Cluster Scaling
Overview
Cluster scaling in Armada Bridge lets you increase or decrease worker nodes in an existing cluster without recreating the cluster.
- Scale up adds worker nodes to increase capacity for higher workloads.
- Scale down removes worker nodes to reduce resource usage when demand decreases.
Scaling changes only the worker node count. Existing cluster configuration, networking, and workloads remain intact.
Scaling Strategies
Horizontal Scaling
Add or remove entire nodes from your cluster:
- Best for workload changes
- Distributes load across nodes
- Maintains performance characteristics
Vertical Scaling
Adjust resources within existing nodes:
- Modify memory allocation
- Change CPU allocation
- Adjust GPU assignment
Scale Cluster Up
Prerequisites
- Available resources in your quota
- Running cluster to scale
- Monitoring data to inform scaling decision
Prerequisites
- Tenant Admin access — Log in as a Tenant Admin to scale clusters.
- Running cluster — The cluster must be in a healthy running state.
- Available resources for scale up — Ensure sufficient Bare Metal/VM resources are allocated to the tenant before increasing worker count.
- Workload readiness for scale down — Verify workloads can tolerate reduced worker capacity before decreasing node count.
Steps to Scale Up
Step 1: Update Worker Count
-
Click the cluster name or the ellipsis (three-dot) menu, then click Scale Cluster.

-
Set a worker node count that is greater than the current count.
-
Choose Node Type (Bare Metal or Virtual Machine), then click Save Changes.
Worker node count must not exceed your allocated Bare Metal/Virtual Machine resources.

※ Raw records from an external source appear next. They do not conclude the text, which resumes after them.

lemma borel_reduction_ideal_gen_to_down:
  assumes "closed K" and "K \<noteq> {}"
  obtains T where "T \<in> borel_measurable borel" and "\<And>z. T z \<le> z" and "\<And>z. T z \<in> down K"
    and "\<And>z. z \<in> ideal_gen K \<Longrightarrow> infinite {m. z m} \<Longrightarrow> infinite {m. T z m}"
proof -
  define good where "good j z \<longleftrightarrow> cover_piece K j z \<in> down K \<and> infinite {m. cover_piece K j z m}"
    for j z
  define T where "T z = (if \<exists>j. good j z then cover_piece K (LEAST j. good j z) z else bot)" for z
  have "Measurable.pred borel (good j)" for j
  proof -
    note piece_meas = borel_measurable_cover_piece[OF assms(1)]
    have "Measurable.pred borel (\<lambda>z. cover_piece K j z \<in> down K)"
      using measurable_sets[OF piece_meas borel_closed[OF closed_down[OF assms(1)]]]
      by (simp add: Measurable.pred_def vimage_def)
    moreover have "Measurable.pred borel (\<lambda>z. infinite {m. cover_piece K j z m})"
      using measurable_compose[OF piece_meas pred_borel_infinite_support] .
    ultimately show ?thesis
      unfolding good_def by measurable
  qed
  then have "T \<in> borel_measurable borel"
    unfolding T_def by (intro measurable_first_success borel_measurable_cover_piece assms(1)) simp_all
  moreover have "T z \<le> z" for z
    by (simp add: T_def cover_piece_le)
  moreover have "T z \<in> down K" for z
    using LeastI_ex[of "\<lambda>j. good j z"] bot_in_down[OF assms(2)] by (auto simp: T_def good_def)
  moreover have "infinite {m. T z m}" if "z \<in> ideal_gen K" "infinite {m. z m}" for z
    using ideal_gen_infinite_cover_piece[OF assms(1) that] LeastI_ex[of "\<lambda>j. good j z"]
    by (auto simp: T_def good_def)
  ultimately show ?thesis
    using that by blast
qed

(* Pseudo-tallness is used only here: the reduction needs bot \<in> down K as its default value. *)
lemma pseudo_tall_imp_nonempty:
  assumes "pseudo_tall K"
  shows "K \<noteq> {}"
proof -
  have "infinite {n::nat. True}"
    by simp
  then obtain z where "z \<in> down K"
    using assms unfolding pseudo_tall_def by blast
  then show ?thesis
    by (auto simp: down_def)
qed

theorem mainTheorem15:
  fixes K :: "(nat \<Rightarrow> bool) set"
  assumes "closed K" and "pseudo_tall K"
  shows "(\<exists>S. borel_selector (ideal_gen K) S) \<longleftrightarrow> (\<exists>S. borel_pseudo_selector K S)"
proof
  assume "\<exists>S. borel_selector (ideal_gen K) S"
  then obtain S where S: "borel_selector (ideal_gen K) S"
    by blast
  obtain T where T: "T \<in> borel_measurable borel" "\<And>z. T z \<le> z" "\<And>z. T z \<in> down K"
    "\<And>z. z \<in> ideal_gen K \<Longrightarrow> infinite {m. z m} \<Longrightarrow> infinite {m. T z m}"
    using borel_reduction_ideal_gen_to_down[OF assms(1) pseudo_tall_imp_nonempty[OF assms(2)]] by blast
  have "borel_pseudo_selector K (T \<circ> S)"
    unfolding borel_pseudo_selector_def
  proof (intro conjI allI impI)
    show "T \<circ> S \<in> borel_measurable borel"
      using S T(1) measurable_comp[of S borel borel T borel] by (simp add: borel_selector_def)
    fix x
    show "(T \<circ> S) x \<le> x"
      using S order_trans[OF T(2)] by (simp add: borel_selector_def)
    show "(T \<circ> S) x \<in> down K"
      using T(3) by simp
    show "infinite {n. (T \<circ> S) x n}" if "infinite {n. x n}"
      using S T(4) that by (simp add: borel_selector_def)
  qed
  then show "\<exists>S. borel_pseudo_selector K S"
    by blast
next
  assume "\<exists>S. borel_pseudo_selector K S"
  then obtain S where "borel_pseudo_selector K S"
    by blast
  then have "borel_selector (ideal_gen K) S"
    using down_subset_ideal_gen by (auto simp: borel_selector_def borel_pseudo_selector_def)
  then show "\<exists>S. borel_selector (ideal_gen K) S"
    by blast
qed

end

Step 2: Confirm and Monitor Scale Up
-
Click Confirm to start scale up.

-
Monitor cluster status. During scale up, status shows Scaling ↑.

-
After scale up completes, confirm worker node count has increased (for example, from 1 to 2).

Step 3: Verify Cluster Health
-
Open Kubectl Terminal.
-
Verify the cluster is healthy and ready for workloads.

New nodes will be:
- Initialized
- Joined to cluster
- Configured with software
- Made available for workloads
Scale Cluster Down
Considerations Before Scaling Down
- Ensure workloads can migrate safely
- Drain jobs from nodes to be removed
- Verify no persistent data will be lost
- Plan for temporary service interruption
Step 1: Update Worker Count
-
Click the cluster name or the ellipsis (three-dot) menu, then click Scale Cluster.

-
Set a worker node count that is less than the current count.
-
Click Save Changes.

Step 2: Confirm and Monitor Scale Down
-
Click Confirm on the confirmation pop up.

-
Monitor cluster status. During scale down, status shows Scaling ↓.

-
After scale down completes, confirm worker node count is reduced (for example, from 2 to 1).

Step 3: Verify Cluster Health
-
Open Kubectl Terminal.
-
Confirm the cluster is healthy after node removal.

Auto-Scaling (If Available)
Configure Auto-Scaling
Some clusters support automatic scaling:
- Navigate to Cluster Settings
- Select Auto-Scaling
- Configure parameters:

- Minimum nodes
- Maximum nodes
- Scale-up threshold
- Scale-down threshold
- Cooldown period
How Auto-Scaling Works
- Monitors resource utilization
- Automatically adds nodes when threshold exceeded
- Automatically removes nodes when underutilized
- Respects min/max limits
Best Practices
Scaling Decisions
- Monitor trends before scaling
- Scale gradually in response to demand
- Keep buffer capacity for spikes
- Document scaling decisions
Timing
- Scale during low-usage windows for scale-down
- Plan scale-up ahead of known demand
- Avoid scaling during critical operations
- Allow time for node initialization
Cost Optimization
- Scale down during off-peak hours
- Use right-sized node types
- Monitor actual vs allocated resources
- Adjust quotas based on patterns
Kubernetes Specific
HPA (Horizontal Pod Autoscaler)
For pod-level scaling in Kubernetes:
kubectl autoscale deployment <deployment> --min=2 --max=10
VPA (Vertical Pod Autoscaler)
For resource recommendation:
kubectl apply -f vpa-config.yaml